(Dataset excerpts)
= Beginning of Section =
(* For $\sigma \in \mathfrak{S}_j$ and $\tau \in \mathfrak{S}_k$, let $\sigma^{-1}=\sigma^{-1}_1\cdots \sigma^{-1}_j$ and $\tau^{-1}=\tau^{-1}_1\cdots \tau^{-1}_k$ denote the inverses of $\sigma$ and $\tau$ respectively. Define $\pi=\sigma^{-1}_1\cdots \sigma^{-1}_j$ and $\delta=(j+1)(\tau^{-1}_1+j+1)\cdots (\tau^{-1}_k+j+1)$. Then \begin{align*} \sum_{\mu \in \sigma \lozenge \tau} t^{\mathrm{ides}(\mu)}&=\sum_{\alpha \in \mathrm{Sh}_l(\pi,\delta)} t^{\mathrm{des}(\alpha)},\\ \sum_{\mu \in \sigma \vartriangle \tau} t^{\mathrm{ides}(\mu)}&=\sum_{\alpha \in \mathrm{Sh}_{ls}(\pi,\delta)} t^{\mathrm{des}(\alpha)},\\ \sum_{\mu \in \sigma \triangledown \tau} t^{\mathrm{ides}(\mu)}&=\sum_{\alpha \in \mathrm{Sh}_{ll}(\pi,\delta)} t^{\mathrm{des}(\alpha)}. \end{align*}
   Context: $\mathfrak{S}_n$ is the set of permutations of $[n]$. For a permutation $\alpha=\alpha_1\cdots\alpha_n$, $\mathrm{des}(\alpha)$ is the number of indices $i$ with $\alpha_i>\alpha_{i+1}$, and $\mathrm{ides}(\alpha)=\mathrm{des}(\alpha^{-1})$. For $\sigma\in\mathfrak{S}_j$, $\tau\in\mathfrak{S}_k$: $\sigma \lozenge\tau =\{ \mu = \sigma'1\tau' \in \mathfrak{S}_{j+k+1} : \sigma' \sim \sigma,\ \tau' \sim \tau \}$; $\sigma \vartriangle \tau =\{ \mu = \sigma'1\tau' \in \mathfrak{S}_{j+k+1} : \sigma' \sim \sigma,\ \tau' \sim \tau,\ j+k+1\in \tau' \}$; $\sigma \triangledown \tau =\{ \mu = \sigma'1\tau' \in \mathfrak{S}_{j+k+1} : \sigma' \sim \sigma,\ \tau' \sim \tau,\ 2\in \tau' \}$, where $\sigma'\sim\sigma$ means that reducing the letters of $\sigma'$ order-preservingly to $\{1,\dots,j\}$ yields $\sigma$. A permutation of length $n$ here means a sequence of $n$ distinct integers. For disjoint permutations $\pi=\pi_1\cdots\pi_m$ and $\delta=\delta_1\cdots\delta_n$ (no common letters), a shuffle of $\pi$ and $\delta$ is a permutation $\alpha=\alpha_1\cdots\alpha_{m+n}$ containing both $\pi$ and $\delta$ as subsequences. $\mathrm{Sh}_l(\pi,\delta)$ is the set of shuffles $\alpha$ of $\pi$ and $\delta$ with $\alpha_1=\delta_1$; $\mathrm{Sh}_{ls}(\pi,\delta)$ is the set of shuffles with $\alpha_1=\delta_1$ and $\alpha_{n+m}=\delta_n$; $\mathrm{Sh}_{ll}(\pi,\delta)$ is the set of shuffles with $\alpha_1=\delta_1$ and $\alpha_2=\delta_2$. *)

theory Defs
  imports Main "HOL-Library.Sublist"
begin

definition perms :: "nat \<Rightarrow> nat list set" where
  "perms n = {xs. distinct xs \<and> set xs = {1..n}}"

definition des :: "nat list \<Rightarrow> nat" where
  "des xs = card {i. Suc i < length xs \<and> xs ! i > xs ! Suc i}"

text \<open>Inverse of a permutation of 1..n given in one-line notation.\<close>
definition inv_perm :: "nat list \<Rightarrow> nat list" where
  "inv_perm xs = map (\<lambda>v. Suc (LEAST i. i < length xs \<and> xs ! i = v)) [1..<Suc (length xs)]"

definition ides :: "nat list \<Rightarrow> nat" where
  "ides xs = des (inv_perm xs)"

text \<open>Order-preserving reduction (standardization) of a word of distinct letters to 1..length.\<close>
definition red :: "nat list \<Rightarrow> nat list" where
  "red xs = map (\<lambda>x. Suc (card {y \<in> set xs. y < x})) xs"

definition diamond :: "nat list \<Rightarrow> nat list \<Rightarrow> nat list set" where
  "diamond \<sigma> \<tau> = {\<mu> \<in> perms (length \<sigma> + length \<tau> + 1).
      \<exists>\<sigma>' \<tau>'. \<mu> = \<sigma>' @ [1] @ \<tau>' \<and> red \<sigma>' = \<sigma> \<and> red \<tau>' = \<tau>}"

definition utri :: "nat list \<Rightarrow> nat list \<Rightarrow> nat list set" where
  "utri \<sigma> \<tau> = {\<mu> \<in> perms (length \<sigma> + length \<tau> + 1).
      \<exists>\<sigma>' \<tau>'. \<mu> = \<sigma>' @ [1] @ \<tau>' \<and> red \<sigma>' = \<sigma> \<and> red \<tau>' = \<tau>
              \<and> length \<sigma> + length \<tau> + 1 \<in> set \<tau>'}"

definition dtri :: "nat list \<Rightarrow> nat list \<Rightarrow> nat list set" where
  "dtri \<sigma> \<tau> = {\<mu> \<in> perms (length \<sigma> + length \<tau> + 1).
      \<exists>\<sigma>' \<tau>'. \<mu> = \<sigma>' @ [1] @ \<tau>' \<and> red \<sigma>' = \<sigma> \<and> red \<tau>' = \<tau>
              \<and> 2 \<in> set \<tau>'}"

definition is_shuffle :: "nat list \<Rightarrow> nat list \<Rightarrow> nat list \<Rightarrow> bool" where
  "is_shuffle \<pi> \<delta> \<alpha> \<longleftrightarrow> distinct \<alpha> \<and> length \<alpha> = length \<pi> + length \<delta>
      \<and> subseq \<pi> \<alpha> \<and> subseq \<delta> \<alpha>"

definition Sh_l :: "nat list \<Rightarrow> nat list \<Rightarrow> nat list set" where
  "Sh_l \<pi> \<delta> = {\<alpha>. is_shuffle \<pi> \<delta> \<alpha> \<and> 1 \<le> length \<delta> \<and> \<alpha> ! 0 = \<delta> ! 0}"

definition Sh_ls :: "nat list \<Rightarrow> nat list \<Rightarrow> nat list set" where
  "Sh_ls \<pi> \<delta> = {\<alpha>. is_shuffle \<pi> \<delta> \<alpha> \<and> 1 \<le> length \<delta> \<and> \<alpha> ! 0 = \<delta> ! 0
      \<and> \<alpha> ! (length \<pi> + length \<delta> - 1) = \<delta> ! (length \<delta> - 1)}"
= End of Section =
= Beginning of Section =
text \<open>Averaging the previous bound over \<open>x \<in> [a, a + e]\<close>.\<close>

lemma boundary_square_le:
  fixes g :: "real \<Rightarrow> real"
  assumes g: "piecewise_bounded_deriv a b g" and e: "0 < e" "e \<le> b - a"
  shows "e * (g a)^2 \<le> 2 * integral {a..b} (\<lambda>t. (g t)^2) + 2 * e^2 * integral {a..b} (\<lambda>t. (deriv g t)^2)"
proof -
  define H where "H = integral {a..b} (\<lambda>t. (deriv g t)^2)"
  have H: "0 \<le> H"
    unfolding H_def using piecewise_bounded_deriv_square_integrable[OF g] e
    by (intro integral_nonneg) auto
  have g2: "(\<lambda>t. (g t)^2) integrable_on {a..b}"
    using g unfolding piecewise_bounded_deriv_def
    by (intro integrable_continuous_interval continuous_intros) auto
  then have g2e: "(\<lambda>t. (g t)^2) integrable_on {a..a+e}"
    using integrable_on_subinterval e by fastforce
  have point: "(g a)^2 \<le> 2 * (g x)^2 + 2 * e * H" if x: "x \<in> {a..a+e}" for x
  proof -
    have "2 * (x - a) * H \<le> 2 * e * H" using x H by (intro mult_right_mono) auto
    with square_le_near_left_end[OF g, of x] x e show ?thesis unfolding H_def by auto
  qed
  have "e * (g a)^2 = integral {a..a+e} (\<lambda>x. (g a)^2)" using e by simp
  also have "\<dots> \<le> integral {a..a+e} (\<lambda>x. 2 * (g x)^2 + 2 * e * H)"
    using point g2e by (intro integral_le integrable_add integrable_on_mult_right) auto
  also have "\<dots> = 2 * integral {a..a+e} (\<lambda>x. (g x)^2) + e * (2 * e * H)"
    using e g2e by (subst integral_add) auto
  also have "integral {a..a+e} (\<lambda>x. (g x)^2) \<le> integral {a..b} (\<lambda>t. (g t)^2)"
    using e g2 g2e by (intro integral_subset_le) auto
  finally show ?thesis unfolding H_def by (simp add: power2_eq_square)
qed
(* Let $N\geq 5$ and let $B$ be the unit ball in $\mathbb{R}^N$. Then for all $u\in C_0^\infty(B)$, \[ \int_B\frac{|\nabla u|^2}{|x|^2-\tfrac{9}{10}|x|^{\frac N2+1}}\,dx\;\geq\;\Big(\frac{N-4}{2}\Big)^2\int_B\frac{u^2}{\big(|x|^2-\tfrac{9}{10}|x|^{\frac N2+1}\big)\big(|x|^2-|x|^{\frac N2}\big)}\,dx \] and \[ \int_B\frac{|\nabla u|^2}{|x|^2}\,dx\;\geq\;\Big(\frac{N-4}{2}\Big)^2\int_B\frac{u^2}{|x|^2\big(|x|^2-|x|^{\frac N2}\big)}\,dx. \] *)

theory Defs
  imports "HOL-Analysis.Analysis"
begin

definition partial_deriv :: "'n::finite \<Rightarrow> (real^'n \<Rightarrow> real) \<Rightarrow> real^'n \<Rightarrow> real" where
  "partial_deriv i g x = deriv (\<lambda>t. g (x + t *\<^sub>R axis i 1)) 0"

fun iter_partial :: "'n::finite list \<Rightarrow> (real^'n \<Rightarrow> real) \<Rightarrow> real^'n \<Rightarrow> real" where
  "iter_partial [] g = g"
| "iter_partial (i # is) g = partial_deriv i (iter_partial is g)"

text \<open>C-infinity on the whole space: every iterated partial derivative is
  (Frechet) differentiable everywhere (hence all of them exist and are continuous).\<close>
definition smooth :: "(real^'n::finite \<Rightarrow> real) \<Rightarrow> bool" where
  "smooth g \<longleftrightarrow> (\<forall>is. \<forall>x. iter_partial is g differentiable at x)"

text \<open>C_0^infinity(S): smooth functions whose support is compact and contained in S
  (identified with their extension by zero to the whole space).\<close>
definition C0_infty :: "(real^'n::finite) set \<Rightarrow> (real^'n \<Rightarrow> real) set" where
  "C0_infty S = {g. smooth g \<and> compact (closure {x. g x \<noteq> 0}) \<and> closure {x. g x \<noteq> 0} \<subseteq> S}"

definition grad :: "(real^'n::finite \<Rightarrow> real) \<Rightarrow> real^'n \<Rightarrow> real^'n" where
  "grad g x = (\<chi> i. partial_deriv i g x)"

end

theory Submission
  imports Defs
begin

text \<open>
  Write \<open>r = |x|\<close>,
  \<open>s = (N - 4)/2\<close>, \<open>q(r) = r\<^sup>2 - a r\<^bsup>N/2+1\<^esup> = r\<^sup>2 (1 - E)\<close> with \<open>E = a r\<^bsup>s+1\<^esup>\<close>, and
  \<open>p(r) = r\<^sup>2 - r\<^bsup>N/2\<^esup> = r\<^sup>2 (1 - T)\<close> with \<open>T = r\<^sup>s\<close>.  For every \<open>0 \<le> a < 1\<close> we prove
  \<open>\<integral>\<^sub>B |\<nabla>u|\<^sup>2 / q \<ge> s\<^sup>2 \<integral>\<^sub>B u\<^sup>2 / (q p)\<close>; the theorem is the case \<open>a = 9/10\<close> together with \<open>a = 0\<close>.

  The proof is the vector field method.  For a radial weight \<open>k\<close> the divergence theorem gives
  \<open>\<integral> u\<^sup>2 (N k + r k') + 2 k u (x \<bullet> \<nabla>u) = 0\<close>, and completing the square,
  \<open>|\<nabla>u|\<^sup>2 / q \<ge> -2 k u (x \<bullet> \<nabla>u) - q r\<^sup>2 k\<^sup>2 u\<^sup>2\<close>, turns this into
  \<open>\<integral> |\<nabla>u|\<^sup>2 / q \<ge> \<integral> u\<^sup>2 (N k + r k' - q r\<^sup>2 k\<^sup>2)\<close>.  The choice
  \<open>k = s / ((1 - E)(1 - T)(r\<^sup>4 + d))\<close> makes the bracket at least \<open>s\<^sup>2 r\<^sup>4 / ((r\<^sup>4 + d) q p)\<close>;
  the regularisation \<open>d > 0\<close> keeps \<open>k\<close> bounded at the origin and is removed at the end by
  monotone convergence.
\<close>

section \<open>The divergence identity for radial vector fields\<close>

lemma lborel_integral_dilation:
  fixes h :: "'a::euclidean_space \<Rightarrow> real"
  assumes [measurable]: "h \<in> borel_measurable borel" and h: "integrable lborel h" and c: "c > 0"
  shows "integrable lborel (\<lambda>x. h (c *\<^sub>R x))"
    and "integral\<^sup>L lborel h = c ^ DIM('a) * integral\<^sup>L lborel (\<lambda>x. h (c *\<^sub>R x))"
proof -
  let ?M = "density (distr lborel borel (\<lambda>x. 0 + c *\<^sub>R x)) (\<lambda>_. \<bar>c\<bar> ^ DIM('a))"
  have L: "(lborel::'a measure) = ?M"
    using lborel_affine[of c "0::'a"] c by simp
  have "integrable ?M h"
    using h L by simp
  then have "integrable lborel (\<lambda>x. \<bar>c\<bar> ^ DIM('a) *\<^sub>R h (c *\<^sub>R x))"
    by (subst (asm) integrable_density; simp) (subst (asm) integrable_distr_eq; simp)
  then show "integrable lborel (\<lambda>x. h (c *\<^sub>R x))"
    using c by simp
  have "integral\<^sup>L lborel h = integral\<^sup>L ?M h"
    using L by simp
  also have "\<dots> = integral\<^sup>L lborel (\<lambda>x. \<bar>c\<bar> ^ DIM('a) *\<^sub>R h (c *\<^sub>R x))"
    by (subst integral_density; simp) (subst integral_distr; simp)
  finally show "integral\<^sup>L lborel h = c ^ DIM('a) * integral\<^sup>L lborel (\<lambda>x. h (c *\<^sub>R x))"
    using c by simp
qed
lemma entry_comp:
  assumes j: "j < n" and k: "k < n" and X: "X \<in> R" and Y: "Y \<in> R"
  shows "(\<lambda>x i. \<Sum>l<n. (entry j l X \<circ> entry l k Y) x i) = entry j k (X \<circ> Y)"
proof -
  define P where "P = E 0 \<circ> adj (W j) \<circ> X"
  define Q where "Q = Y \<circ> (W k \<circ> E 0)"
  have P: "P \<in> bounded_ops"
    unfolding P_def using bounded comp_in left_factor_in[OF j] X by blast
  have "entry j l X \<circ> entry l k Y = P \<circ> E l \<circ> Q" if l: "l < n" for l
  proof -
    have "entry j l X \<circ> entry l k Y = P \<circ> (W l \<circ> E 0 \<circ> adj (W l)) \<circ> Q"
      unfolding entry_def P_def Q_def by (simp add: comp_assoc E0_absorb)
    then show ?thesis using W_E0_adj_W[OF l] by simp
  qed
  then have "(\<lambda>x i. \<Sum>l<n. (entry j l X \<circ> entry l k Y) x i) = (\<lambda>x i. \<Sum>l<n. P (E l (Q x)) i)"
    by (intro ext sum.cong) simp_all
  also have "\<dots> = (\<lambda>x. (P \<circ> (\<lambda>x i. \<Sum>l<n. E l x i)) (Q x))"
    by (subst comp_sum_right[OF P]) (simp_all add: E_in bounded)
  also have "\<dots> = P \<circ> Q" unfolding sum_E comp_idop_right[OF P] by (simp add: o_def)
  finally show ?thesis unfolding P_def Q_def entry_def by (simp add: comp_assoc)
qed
= End of Section =
* Aim of the exercise
Show the lines of the records that include the string "circ".

* Written answer
  shows "(\<lambda>x i. \<Sum>l<n. (entry j l X \<circ> entry l k Y) x i) = entry j k (X \<circ> Y)"
  define P where "P = E 0 \<circ> adj (W j) \<circ> X"
  define Q where "Q = Y \<circ> (W k \<circ> E 0)"
  have "entry j l X \<circ> entry l k Y = P \<circ> E l \<circ> Q" if l: "l < n" for l
    have "entry j l X \<circ> entry l k Y = P \<circ> (W l \<circ> E 0 \<circ> adj (W l)) \<circ> Q"
  then have "(\<lambda>x i. \<Sum>l<n. (entry j l X \<circ> entry l k Y) x i) = (\<lambda>x i. \<Sum>l<n. P (E l (Q x)) i)"
  also have "\<dots> = (\<lambda>x. (P \<circ> (\<lambda>x i. \<Sum>l<n. E l x i)) (Q x))"
  also have "\<dots> = P \<circ> Q" unfolding sum_E comp_idop_right[OF P] by (simp add: o_def)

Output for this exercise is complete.